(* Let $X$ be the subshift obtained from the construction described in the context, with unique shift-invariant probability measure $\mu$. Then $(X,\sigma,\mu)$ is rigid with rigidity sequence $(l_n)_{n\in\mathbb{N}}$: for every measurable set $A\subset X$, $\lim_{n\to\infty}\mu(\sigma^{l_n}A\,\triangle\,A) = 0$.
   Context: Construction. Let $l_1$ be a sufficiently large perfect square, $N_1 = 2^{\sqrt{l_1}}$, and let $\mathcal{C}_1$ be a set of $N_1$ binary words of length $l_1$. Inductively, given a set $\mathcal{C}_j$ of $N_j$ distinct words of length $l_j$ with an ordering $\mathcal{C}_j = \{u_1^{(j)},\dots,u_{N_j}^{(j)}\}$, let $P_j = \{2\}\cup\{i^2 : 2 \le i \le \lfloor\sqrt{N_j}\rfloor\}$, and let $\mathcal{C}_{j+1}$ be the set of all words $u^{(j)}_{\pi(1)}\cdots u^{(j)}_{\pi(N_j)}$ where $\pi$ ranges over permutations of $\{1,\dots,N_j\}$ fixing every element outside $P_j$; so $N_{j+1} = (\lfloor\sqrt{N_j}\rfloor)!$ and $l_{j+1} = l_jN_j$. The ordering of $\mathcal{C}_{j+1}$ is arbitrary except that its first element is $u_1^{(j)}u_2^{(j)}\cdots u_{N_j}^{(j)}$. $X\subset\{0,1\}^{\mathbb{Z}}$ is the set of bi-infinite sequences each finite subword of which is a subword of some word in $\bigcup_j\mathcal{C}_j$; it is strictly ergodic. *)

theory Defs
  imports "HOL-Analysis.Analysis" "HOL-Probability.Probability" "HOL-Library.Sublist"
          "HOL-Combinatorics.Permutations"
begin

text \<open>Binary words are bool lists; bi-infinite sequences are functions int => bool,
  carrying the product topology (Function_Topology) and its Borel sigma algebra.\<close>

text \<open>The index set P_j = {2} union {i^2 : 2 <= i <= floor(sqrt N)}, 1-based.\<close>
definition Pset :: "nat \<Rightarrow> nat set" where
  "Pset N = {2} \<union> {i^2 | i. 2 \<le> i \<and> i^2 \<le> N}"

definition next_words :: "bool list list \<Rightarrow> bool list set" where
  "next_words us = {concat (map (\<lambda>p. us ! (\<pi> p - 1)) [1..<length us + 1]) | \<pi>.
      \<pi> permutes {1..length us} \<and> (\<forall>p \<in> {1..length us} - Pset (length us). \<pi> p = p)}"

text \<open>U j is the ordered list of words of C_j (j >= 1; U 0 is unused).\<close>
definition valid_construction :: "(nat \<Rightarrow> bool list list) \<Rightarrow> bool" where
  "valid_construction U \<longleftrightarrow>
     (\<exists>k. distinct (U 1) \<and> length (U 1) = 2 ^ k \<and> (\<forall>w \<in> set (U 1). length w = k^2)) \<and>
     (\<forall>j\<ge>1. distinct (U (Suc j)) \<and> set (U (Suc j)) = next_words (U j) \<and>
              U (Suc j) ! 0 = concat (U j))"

+ + + + + + +

▸ WHAT YOU HAVE TO DO
If a line in the records has the word "close", copy that line.

▸ ANSWER TO THIS EXERCISE
  carrying the product topology (Function_Topology) and its Borel sigma algebra.\<close>
text \<open>The index set P_j = {2} union {i^2 : 2 <= i <= floor(sqrt N)}, 1-based.\<close>
text \<open>U j is the ordered list of words of C_j (j >= 1; U 0 is unused).\<close>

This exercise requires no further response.